Honestly coming off medication has to be one of the most scary things in the world, especially when I have been on them for almost 3 if not 4 years. As most people will know I have suffered from anxiety, depression and agoraphobia for a long time now, but in the last year or so, I have been in a really good place, I’m working really hard to battle my mental health and try to get my life back.
I have been ready for a while and when I spoke to my doctor, he agreed that if I was ready and because of the incredible progress that I’ve made over the last year or so, guess who is cutting down their tablets? It literally feels like I’m walking into the unknown knowing I’m coming off my medication. It’s like I’m in a room with the lights on, and taking at step forward and the lights just go off, no one is home.
I’ve already started cutting down my tablets down, I’ve been off amitriptyline for over 2 months, which has been really difficult. One of the things with my depression is that I struggle to sleep, and it has been that way since I first got diagnosed and this was one of the most difficult tablets for me to come off first, because I was mainly worried about if I would sleep.

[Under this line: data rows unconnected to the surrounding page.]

lemma descent_word_insert_min:
  assumes "j < length ps" "\<forall>y\<in>set ps. v < y" "v < 0"
  shows "descent_word (insert_at j v ps) = split_valley j (descent_word ps)"
proof -
  have "v < last (0 # take j ps)"
    using last_Cons_0_cases[of "take j ps"] assms(2,3) by (auto dest: in_set_takeD)
  moreover have "v < ps ! j"
    using assms by auto
  ultimately show ?thesis
    by (simp add: descent_word_insert_at[OF assms(1)] split_valley_def)
qed

lemma descent_word_snoc: "descent_word (ps @ [v]) = descent_word ps @ [v < last (0 # ps)]"
  by (simp add: descent_word_def descents_from_append)

section \<open>Inserting the largest letter\<close>

lemma signed_perms_length: "ps \<in> signed_perms n \<Longrightarrow> length ps = n"
  by (simp add: signed_perms_def)

lemma signed_perms_abs: "ps \<in> signed_perms n \<Longrightarrow> y \<in> set ps \<Longrightarrow> 1 \<le> \<bar>y\<bar> \<and> \<bar>y\<bar> \<le> int n"
  by (force simp: signed_perms_def)

lemma signed_perms_distinct: "ps \<in> signed_perms n \<Longrightarrow> distinct (0 # ps)"
  using signed_perms_abs[of ps n 0] by (auto simp: signed_perms_def distinct_map)

lemma finite_signed_perms: "finite (signed_perms n)"
proof (rule finite_subset)
  show "signed_perms n \<subseteq> {xs. set xs \<subseteq> {-int n..int n} \<and> length xs = n}"
    using signed_perms_abs signed_perms_length by (fastforce simp: abs_le_iff)
qed (simp add: finite_lists_length_eq)

lemma signed_perms_0: "signed_perms 0 = {[]}"
  by (auto simp: signed_perms_def)

lemma uminus_signed_perms:
  assumes "ps \<in> signed_perms n"
  shows "map uminus ps \<in> signed_perms n"
proof -
  have "map abs (map uminus ps) = map abs ps"
    by simp
  with assms show ?thesis
    by (simp only: signed_perms_def mem_Collect_eq length_map)
qed

lemma insert_at_signed_perms:
  assumes ps: "ps \<in> signed_perms n" and "j \<le> n" and s: "\<bar>s\<bar> = int (Suc n)"
  shows "insert_at j s ps \<in> signed_perms (Suc n)"
proof -
  have abs_ps: "distinct (map abs ps)" "set (map abs ps) = {1..int n}" "length ps = n"
    using ps by (auto simp: signed_perms_def)
  have "map abs (insert_at j s ps) = insert_at j (int (Suc n)) (map abs ps)"
    by (simp add: map_insert_at s)
  moreover have "{1..int (Suc n)} = insert (int (Suc n)) {1..int n}"
    by auto
  ultimately show ?thesis
    using abs_ps \<open>j \<le> n\<close> s
    by (simp add: signed_perms_def distinct_insert_at set_insert_at length_insert_at del: of_nat_Suc)
qed

lemma remove_nth_insert_at: "j \<le> length xs \<Longrightarrow> take j (insert_at j v xs) @ drop (Suc j) (insert_at j v xs) = xs"
  by (simp add: insert_at_def)

lemma signed_perms_SucE:
  assumes q: "q \<in> signed_perms (Suc n)"
  obtains ps j s where "ps \<in> signed_perms n" "j \<le> n" "s \<in> {int (Suc n), - int (Suc n)}"
    "q = insert_at j s ps"
proof -
  have len: "length q = Suc n" and da: "distinct (map abs q)" and sa: "set (map abs q) = {1..int (Suc n)}"
    using q by (auto simp: signed_perms_def)
  moreover have "int (Suc n) \<in> set (map abs q)"
    using sa by simp
  then obtain k where "k < length (map abs q)" "map abs q ! k = int (Suc n)"
    unfolding in_set_conv_nth by blast
  ultimately have k: "k < Suc n" "\<bar>q ! k\<bar> = int (Suc n)"
    by simp_all
  define ps where "ps = take k q @ drop (Suc k) q"
  have "q ! k \<in> {int (Suc n), - int (Suc n)}"
    using k(2) by (auto simp: abs_if split: if_splits)
  have q_eq: "q = insert_at k (q ! k) ps"
    using k len by (simp add: ps_def insert_at_def id_take_nth_drop[symmetric] min_def)
  have "map abs q = insert_at k (int (Suc n)) (map abs ps)"
    by (subst q_eq) (simp add: map_insert_at k)
  then have "distinct (map abs ps)" "int (Suc n) \<notin> set (map abs ps)"
    and "insert (int (Suc n)) (set (map abs ps)) = {1..int (Suc n)}"
    using da sa by (simp_all add: distinct_insert_at set_insert_at del: of_nat_Suc)
  then have "set (map abs ps) = {1..int (Suc n)} - {int (Suc n)}"
    by blast
  also have "\<dots> = {1..int n}"
    by auto
  finally have "set (map abs ps) = {1..int n}" .
  moreover have "length ps = n"
    using k len by (simp add: ps_def)
  ultimately have "ps \<in> signed_perms n"
    using \<open>distinct (map abs ps)\<close> by (simp add: signed_perms_def)
  from that[OF this _ \<open>q ! k \<in> {int (Suc n), - int (Suc n)}\<close> q_eq] k(1) show ?thesis
    by simp
qed
(* Let $\mathsf K_{\rm c}\in[\mathsf K]$, $\mathsf m\in[\mathsf N_{\rm r}]$ and $\mathsf M=\frac{\mathsf K}{\mathsf N}(\mathsf N-\mathsf N_{\rm r}+\mathsf m)$. For any linear-coding based scheme for the non-secure distributed linearly separable computation problem with parameters $(\mathsf K,\mathsf N,\mathsf N_{\rm r},\mathsf K_{\rm c},\mathsf M)$, there exists a secure scheme (satisfying the security constraint) with the same assignment and without increasing the communication cost.
   Context: Setting: positive integers $\mathsf K,\mathsf N,\mathsf N_{\rm r}$ with $\mathsf N_{\rm r}\le\mathsf N$, $\mathsf N\mid\mathsf K$; a finite field $\mathbb F_{\mathsf q}$ ($\mathsf q$ a sufficiently large prime power) and integer $\mathsf L$. Messages $W_1,\dots,W_{\mathsf K}$ are independent, each uniform over $\mathbb F_{\mathsf q}^{\mathsf L}$ ($W_k$ is a function of dataset $D_k$). The user wants $\mathbf G[W_1;\dots;W_{\mathsf K}]$ for a given $\mathsf K_{\rm c}\times\mathsf K$ matrix $\mathbf G$ over $\mathbb F_{\mathsf q}$. Non-secure problem: an assignment $\mathcal Z_n\subseteq[\mathsf K]$, $|\mathcal Z_n|\le\mathsf M$, for each server $n\in[\mathsf N]$; server $n$ sends $X_n\in\mathbb F_{\mathsf q}^{\mathsf T_n}$, a function of $\{W_k:k\in\mathcal Z_n\}$; for every $\mathcal A\subseteq[\mathsf N]$ with $|\mathcal A|=\mathsf N_{\rm r}$ the user can compute $\mathbf G[W_1;\dots;W_{\mathsf K}]$ from $\{X_n:n\in\mathcal A\}$. Communication cost: $\max_{|\mathcal A|=\mathsf N_{\rm r}}\sum_{n\in\mathcal A}\mathsf T_n/\mathsf L$. A scheme is linear-coding based if, for some $\ell$ dividing $\mathsf L$, each $W_k$ is split into $\ell$ equal-length sub-messages $W_{k,1},\dots,W_{k,\ell}\in\mathbb F_{\mathsf q}^{\mathsf L/\ell}$, each server $n$ sends $\ell\mathsf T_n/\mathsf L$ linear combinations (with fixed coefficients in $\mathbb F_{\mathsf q}$) of the sub-messages $W_{k,j}$, $k\in\mathcal Z_n$, and decoding is linear. A secure scheme additionally uses a random variable $Q$ independent of the datasets, given to all servers but not to the user, with $X_n$ a function of $(\{W_k:k\in\mathcal Z_n\},Q)$, the same decodability requirement (the user does not know $Q$), and the security constraint $I(W_1,\dots,W_{\mathsf K};X_1,\dots,X_{\mathsf N}\mid\mathbf G[W_1;\dots;W_{\mathsf K}])=0$. *)

theory Defs
  imports "HOL-Probability.Probability"
begin
theorem mainTheorem10:
  fixes j :: "nat \<Rightarrow> 'v" and u0 v0 :: 'v and p :: nat
  assumes "1 \<le> p"
    and "inj_on j {1..2*p}"
    and "v0 \<notin> j ` {1..2*p}"
  shows "Rsum p (j ` {1..2*p}) (j 1) v0 (KI_edges p j v0) = (if p = 1 then 1 else 0)
    \<and> (u0 \<notin> j ` {1..2*p} \<and> u0 \<noteq> v0 \<longrightarrow>
         Rsum p (j ` {1..2*p}) u0 v0 (KII_edges p j u0 v0) = (if p = 1 then 1 else 0))
    \<and> (2 \<le> p \<longrightarrow> Rsum p (j ` {1..2*p}) (j 1) v0 (H_edges p j v0) = (if p = 2 then -2 else 0))"
proof (intro conjI impI)
  have "KI_graph p j v0" by unfold_locales (use assms in auto)
  then show "Rsum p (j ` {1..2*p}) (j 1) v0 (KI_edges p j v0) = (if p = 1 then 1 else 0)"
    by (rule KI_graph.Rsum_KI)
next
  assume "u0 \<notin> j ` {1..2*p} \<and> u0 \<noteq> v0"
  then have "KII_graph p j u0 v0" by unfold_locales (use assms in auto)
  then show "Rsum p (j ` {1..2*p}) u0 v0 (KII_edges p j u0 v0) = (if p = 1 then 1 else 0)"
    by (rule KII_graph.Rsum_KII)
next
  assume "2 \<le> p"
  then have "H_graph p j v0" by unfold_locales (use assms in auto)
  then show "Rsum p (j ` {1..2*p}) (j 1) v0 (H_edges p j v0) = (if p = 2 then -2 else 0)"
    by (rule H_graph.Rsum_H)
qed

end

Trust me I’m the moodiest, grumpiest and annoying person when I’ve not had sleep, I mean tired doesn’t even come close.
It’s the next one however I’m most nervous about. My anafranil is my very last anti depressant, and in total honesty, it’s my last step to being anti depressant free. I’ve waited for this for a long time, and I know it will work because I’m so determined to get to where I need to be in my life.
Things I’m Looking Forward To
- Being in control of my sleep properly – This is a big one for me because I take tablets to be able to go to sleep, so I’m looking forward to being able to put my head on a pillow and just drift off.
- Not have to worry about tablets – Sometimes my biggest worry can be, have I taken my tablets yet, oh god what if I haven’t. I honestly get myself in a right flap about it.
- Controlling my anxiety and depression medication free – I have some ways in which I can control my anxiety, I use a lot of mediation because I find it helps me to calm and center myself. Breathing techniques also really help me.
- Being able to drink – Oh my gosh I miss a good glass of wine, I drink on the very rare occasions like Christmas however you cannot beat a good glass of wine. And by being off the medication I won’t have to worry about my medication affecting anything!
- Sharing my story – I love being able to help others through their journey especially if they are going through what I’ve been through. I know that depression, anxiety and especially agoraphobia can be a lonely journey so if I can help others, it makes me feel much better.
I’m definitely looking forward to being medication free. Been on a mental health journey? Leave your response in the comments!